§ Exercise aim:
When the string "imports" occurs in a line of the records, show that line.

[Supplied information — start]

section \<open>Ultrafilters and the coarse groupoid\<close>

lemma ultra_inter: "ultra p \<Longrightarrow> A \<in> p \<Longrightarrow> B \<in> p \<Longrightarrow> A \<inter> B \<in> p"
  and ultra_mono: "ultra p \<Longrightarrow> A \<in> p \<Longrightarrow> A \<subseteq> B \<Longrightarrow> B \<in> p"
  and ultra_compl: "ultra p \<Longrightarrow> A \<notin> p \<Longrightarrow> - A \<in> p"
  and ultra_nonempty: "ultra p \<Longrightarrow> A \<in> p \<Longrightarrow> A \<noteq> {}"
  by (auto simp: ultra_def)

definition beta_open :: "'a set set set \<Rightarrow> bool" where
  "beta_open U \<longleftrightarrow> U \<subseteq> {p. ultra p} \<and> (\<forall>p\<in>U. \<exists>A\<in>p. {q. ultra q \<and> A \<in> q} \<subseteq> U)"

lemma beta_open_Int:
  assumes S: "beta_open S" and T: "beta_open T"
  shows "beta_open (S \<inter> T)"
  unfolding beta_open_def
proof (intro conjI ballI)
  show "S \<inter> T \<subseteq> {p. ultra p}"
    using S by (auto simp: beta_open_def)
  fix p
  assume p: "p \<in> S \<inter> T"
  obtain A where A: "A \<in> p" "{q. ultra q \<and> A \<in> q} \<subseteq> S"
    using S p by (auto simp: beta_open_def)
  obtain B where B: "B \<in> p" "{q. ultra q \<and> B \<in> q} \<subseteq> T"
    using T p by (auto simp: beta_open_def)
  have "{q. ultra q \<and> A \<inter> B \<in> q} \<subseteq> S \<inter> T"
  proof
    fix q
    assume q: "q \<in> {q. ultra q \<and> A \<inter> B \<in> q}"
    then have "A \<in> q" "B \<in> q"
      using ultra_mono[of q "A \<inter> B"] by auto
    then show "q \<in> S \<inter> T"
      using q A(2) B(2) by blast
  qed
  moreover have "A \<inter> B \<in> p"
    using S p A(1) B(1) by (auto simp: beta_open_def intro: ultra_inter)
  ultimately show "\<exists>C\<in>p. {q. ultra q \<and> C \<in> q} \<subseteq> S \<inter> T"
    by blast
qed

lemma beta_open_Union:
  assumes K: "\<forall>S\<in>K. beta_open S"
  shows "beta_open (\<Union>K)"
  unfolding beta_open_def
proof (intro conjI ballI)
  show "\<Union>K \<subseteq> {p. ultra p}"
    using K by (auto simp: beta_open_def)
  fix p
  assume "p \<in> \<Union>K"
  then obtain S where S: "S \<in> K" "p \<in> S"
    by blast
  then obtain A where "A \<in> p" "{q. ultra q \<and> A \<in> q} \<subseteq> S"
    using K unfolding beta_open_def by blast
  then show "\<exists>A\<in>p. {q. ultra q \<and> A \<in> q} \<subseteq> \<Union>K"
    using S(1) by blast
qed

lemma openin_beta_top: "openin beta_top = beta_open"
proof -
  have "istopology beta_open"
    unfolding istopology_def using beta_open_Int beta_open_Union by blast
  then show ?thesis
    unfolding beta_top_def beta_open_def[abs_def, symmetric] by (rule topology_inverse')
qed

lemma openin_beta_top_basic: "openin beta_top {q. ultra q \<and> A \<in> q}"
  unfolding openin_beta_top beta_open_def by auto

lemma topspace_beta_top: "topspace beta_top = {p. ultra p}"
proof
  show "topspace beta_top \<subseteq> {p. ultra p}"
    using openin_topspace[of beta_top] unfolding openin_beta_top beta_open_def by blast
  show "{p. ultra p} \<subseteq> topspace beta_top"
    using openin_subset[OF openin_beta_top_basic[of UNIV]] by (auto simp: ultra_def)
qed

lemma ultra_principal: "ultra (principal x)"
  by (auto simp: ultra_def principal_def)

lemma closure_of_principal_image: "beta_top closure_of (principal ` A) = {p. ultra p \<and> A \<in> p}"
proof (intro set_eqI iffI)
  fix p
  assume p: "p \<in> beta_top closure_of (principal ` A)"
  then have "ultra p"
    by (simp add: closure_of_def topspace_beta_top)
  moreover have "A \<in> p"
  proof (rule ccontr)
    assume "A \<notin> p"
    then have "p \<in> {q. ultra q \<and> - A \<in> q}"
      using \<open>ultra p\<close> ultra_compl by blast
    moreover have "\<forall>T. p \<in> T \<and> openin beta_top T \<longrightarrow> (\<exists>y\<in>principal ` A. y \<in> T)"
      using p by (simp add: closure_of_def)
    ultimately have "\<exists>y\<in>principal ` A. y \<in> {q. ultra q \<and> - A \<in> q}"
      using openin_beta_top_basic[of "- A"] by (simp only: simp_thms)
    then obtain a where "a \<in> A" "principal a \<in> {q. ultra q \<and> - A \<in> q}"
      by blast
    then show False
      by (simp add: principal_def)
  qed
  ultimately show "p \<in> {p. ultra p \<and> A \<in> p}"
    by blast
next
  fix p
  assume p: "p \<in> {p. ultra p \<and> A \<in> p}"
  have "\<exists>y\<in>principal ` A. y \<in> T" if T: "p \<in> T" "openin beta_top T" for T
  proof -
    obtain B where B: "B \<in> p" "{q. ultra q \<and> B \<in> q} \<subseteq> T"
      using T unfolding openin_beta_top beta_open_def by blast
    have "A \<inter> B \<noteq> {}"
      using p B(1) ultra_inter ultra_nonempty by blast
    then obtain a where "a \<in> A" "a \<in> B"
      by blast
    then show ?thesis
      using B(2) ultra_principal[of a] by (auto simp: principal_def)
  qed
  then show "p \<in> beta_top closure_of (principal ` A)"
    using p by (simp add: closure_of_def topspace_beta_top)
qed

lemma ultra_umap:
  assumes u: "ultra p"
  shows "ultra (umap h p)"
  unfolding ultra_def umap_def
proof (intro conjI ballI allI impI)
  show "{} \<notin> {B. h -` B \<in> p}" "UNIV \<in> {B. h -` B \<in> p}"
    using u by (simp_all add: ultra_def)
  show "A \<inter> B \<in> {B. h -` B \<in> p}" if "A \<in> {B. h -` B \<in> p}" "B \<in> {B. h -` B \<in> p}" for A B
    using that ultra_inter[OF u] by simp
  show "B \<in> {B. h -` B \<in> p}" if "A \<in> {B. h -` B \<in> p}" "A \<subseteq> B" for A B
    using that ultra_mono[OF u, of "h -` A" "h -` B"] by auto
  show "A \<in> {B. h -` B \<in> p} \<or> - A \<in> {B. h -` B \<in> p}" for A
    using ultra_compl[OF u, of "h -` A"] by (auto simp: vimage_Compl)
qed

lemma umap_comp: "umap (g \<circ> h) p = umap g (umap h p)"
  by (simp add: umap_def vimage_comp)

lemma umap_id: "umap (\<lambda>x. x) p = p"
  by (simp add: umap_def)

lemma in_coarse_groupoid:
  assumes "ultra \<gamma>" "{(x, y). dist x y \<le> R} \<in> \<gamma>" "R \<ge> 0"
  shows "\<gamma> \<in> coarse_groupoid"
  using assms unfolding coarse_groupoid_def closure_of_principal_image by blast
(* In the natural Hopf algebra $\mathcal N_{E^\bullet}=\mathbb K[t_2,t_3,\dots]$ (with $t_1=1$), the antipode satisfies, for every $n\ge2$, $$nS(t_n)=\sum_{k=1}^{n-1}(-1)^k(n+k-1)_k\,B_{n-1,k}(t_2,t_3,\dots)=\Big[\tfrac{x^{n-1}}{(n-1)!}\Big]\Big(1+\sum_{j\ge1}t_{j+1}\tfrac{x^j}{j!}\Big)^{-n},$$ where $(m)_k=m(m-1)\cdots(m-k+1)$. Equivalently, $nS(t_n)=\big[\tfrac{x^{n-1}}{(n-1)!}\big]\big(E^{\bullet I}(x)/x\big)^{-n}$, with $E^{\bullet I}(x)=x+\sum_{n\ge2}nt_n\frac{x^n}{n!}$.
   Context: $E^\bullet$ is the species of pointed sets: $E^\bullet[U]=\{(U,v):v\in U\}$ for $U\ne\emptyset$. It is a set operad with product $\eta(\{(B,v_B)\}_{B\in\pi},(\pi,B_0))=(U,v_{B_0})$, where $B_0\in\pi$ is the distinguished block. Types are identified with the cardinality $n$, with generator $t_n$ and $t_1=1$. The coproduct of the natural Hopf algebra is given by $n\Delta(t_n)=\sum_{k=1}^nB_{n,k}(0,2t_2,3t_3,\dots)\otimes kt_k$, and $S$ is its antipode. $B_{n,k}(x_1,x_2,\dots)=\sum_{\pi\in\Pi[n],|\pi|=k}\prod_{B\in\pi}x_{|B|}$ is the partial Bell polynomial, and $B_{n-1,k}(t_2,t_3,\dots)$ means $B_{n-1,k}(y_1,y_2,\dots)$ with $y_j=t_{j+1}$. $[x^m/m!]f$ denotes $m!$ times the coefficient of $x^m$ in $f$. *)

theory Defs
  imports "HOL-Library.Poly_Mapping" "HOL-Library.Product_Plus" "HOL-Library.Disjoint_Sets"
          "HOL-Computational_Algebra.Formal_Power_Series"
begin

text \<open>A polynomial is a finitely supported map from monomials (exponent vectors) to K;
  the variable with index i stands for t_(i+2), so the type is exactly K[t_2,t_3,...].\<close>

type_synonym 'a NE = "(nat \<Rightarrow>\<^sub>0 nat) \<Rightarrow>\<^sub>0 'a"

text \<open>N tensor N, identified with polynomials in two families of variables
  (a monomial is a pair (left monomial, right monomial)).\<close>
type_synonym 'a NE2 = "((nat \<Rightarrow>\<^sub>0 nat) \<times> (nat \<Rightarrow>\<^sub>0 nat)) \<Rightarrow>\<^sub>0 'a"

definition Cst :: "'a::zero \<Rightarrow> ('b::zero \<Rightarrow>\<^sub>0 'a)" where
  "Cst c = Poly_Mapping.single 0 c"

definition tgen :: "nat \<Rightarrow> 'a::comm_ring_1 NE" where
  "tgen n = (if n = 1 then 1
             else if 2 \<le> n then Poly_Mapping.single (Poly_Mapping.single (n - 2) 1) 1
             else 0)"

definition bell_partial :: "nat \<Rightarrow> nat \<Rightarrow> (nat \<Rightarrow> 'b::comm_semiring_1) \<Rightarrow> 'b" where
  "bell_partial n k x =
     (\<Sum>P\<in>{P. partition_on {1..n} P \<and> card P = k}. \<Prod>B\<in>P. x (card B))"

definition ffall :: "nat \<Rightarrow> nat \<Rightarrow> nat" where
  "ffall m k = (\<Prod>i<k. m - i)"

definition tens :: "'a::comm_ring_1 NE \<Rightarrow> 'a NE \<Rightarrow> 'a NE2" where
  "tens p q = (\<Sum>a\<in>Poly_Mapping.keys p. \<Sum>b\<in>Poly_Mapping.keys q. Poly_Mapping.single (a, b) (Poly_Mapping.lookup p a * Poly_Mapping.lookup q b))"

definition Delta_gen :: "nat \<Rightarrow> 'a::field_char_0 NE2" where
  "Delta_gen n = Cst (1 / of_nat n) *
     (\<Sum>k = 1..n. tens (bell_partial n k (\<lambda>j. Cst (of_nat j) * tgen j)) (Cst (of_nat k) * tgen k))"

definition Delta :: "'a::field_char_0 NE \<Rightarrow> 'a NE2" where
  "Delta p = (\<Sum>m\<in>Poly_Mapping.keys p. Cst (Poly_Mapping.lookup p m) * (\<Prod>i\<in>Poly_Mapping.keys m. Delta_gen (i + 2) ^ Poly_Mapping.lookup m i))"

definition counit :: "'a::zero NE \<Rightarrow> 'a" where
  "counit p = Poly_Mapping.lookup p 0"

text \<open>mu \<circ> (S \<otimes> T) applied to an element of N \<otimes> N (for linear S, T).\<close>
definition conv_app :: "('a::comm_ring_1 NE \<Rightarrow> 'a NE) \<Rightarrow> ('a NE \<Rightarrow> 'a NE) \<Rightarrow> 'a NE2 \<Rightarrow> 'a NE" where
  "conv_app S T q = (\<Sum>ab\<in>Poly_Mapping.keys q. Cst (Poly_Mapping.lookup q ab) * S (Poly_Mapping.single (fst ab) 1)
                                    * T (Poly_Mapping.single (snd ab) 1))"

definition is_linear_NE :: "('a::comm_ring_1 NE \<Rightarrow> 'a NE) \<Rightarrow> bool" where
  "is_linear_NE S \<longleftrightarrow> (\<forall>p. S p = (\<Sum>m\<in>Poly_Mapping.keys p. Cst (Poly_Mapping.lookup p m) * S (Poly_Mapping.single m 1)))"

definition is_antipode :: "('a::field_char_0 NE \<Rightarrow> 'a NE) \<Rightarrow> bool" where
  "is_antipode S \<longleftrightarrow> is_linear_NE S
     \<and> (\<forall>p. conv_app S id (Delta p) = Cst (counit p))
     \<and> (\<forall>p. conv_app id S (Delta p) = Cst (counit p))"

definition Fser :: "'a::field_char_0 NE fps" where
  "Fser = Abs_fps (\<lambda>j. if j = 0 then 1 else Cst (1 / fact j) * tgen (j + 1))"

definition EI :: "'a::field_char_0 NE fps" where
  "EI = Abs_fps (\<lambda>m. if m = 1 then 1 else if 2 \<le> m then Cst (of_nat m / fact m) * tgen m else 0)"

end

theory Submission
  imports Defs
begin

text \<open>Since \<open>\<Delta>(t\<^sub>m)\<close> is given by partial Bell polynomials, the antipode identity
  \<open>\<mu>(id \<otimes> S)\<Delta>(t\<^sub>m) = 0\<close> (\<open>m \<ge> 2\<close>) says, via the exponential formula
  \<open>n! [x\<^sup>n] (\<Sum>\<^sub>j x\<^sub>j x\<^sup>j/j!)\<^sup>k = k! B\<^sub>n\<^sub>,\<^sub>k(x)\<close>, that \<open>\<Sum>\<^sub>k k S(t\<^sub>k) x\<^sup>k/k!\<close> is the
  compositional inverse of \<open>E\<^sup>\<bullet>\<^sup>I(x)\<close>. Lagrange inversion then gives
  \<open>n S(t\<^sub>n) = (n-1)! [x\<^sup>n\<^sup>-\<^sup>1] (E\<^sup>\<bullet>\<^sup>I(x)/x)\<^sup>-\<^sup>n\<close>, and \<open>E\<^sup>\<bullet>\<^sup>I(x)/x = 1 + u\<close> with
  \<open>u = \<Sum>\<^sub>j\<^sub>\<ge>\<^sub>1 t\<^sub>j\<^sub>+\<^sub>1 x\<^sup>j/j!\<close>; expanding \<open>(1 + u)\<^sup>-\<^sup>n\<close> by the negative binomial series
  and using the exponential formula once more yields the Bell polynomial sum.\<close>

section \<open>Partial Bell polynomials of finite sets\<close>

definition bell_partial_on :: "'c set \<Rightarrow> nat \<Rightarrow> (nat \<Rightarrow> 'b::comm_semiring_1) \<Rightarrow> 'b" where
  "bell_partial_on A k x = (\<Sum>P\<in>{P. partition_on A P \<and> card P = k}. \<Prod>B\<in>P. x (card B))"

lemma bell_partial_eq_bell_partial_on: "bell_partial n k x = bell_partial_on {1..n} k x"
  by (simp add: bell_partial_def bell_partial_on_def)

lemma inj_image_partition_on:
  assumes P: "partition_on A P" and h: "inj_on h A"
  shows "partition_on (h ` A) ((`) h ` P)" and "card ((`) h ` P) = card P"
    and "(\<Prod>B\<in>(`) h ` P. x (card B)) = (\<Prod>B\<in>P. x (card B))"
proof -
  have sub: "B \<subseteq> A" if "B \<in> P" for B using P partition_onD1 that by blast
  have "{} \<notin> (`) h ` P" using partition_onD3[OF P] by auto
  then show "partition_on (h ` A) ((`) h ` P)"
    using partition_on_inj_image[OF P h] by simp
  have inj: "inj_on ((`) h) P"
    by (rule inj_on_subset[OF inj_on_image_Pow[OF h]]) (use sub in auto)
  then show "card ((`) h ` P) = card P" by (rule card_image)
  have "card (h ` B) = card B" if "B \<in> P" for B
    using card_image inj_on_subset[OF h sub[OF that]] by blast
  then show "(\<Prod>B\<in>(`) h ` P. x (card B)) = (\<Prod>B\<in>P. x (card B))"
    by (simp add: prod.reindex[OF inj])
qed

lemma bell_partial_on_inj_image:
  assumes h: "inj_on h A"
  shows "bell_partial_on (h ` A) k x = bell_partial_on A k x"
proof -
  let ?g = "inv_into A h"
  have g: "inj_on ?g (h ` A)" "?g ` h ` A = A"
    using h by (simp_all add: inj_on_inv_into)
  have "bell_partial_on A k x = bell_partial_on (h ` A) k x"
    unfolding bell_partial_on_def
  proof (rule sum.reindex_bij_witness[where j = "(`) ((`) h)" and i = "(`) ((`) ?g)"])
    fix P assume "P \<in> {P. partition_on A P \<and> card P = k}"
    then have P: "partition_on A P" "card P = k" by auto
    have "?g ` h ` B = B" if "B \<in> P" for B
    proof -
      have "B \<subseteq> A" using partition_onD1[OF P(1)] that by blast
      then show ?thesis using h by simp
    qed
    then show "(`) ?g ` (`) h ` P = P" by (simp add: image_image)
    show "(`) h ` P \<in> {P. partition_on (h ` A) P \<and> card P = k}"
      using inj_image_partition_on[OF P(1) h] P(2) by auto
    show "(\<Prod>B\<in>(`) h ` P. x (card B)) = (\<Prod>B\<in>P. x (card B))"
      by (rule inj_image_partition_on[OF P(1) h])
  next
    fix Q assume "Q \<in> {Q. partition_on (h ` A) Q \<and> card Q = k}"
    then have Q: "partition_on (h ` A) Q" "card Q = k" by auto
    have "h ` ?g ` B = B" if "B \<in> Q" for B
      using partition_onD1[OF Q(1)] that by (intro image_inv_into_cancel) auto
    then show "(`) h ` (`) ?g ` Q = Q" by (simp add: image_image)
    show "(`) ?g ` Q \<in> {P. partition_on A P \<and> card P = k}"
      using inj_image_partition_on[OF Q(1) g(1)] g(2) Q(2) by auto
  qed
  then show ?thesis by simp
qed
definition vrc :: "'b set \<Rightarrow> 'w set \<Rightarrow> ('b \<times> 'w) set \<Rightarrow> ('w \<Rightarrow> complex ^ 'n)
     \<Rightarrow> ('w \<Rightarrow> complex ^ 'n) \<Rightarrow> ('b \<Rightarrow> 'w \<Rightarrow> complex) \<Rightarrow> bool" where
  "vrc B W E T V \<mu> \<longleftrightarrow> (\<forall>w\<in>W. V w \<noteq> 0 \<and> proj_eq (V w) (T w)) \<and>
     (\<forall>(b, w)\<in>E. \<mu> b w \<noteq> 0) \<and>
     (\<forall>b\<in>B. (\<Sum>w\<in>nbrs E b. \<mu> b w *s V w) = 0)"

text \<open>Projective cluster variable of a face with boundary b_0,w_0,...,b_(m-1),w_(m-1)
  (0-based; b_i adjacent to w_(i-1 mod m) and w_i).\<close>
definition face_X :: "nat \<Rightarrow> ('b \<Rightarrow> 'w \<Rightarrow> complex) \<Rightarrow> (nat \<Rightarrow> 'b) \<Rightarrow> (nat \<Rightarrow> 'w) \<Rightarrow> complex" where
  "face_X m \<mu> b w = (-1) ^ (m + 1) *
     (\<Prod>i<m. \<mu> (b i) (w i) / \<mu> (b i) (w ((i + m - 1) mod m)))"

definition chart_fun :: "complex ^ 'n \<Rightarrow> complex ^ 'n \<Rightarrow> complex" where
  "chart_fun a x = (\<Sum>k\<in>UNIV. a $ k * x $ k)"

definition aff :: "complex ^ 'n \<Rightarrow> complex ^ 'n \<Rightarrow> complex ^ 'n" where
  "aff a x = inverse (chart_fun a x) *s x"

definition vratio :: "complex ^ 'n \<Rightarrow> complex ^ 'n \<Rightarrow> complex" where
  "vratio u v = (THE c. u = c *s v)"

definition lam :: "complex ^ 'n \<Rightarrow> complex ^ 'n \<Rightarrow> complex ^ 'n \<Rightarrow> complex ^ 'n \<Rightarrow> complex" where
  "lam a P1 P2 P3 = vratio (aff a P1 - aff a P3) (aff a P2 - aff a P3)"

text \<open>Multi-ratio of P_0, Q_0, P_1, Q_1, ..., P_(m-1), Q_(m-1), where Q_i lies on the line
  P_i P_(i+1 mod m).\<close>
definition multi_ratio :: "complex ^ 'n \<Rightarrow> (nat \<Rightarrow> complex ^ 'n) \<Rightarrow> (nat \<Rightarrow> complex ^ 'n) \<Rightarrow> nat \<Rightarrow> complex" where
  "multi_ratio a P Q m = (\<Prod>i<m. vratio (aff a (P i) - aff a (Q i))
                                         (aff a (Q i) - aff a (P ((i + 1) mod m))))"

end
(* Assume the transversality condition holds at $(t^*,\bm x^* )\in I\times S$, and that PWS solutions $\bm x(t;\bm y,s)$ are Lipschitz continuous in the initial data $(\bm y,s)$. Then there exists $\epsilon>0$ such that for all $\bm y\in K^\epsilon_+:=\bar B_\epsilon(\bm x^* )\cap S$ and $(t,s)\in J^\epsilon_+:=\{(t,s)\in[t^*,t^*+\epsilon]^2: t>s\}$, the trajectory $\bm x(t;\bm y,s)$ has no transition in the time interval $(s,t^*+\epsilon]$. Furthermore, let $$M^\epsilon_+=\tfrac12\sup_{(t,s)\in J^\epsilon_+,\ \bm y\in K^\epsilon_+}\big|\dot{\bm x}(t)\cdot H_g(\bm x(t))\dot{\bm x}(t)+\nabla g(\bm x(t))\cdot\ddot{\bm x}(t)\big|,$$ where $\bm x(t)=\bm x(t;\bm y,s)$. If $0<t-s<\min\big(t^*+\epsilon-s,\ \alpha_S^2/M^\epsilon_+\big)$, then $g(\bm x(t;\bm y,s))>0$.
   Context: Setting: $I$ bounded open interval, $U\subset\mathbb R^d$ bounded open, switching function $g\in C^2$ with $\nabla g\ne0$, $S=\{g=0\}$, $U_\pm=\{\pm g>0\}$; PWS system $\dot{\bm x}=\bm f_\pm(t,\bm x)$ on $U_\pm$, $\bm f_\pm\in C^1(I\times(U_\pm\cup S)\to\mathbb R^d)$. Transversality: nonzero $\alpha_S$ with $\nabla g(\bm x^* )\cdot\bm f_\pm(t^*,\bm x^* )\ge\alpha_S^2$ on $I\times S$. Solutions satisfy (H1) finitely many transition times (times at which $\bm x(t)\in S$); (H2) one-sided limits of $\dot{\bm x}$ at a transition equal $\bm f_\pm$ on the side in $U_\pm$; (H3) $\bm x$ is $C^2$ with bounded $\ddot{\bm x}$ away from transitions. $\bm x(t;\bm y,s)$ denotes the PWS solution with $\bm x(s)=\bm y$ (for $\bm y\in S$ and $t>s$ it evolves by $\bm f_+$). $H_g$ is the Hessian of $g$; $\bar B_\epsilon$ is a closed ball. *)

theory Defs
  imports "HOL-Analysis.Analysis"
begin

[Supplied information — finish]

§ Output of the task:
  imports "HOL-Library.Poly_Mapping" "HOL-Library.Product_Plus" "HOL-Library.Disjoint_Sets"
  imports Defs
  imports "HOL-Analysis.Analysis"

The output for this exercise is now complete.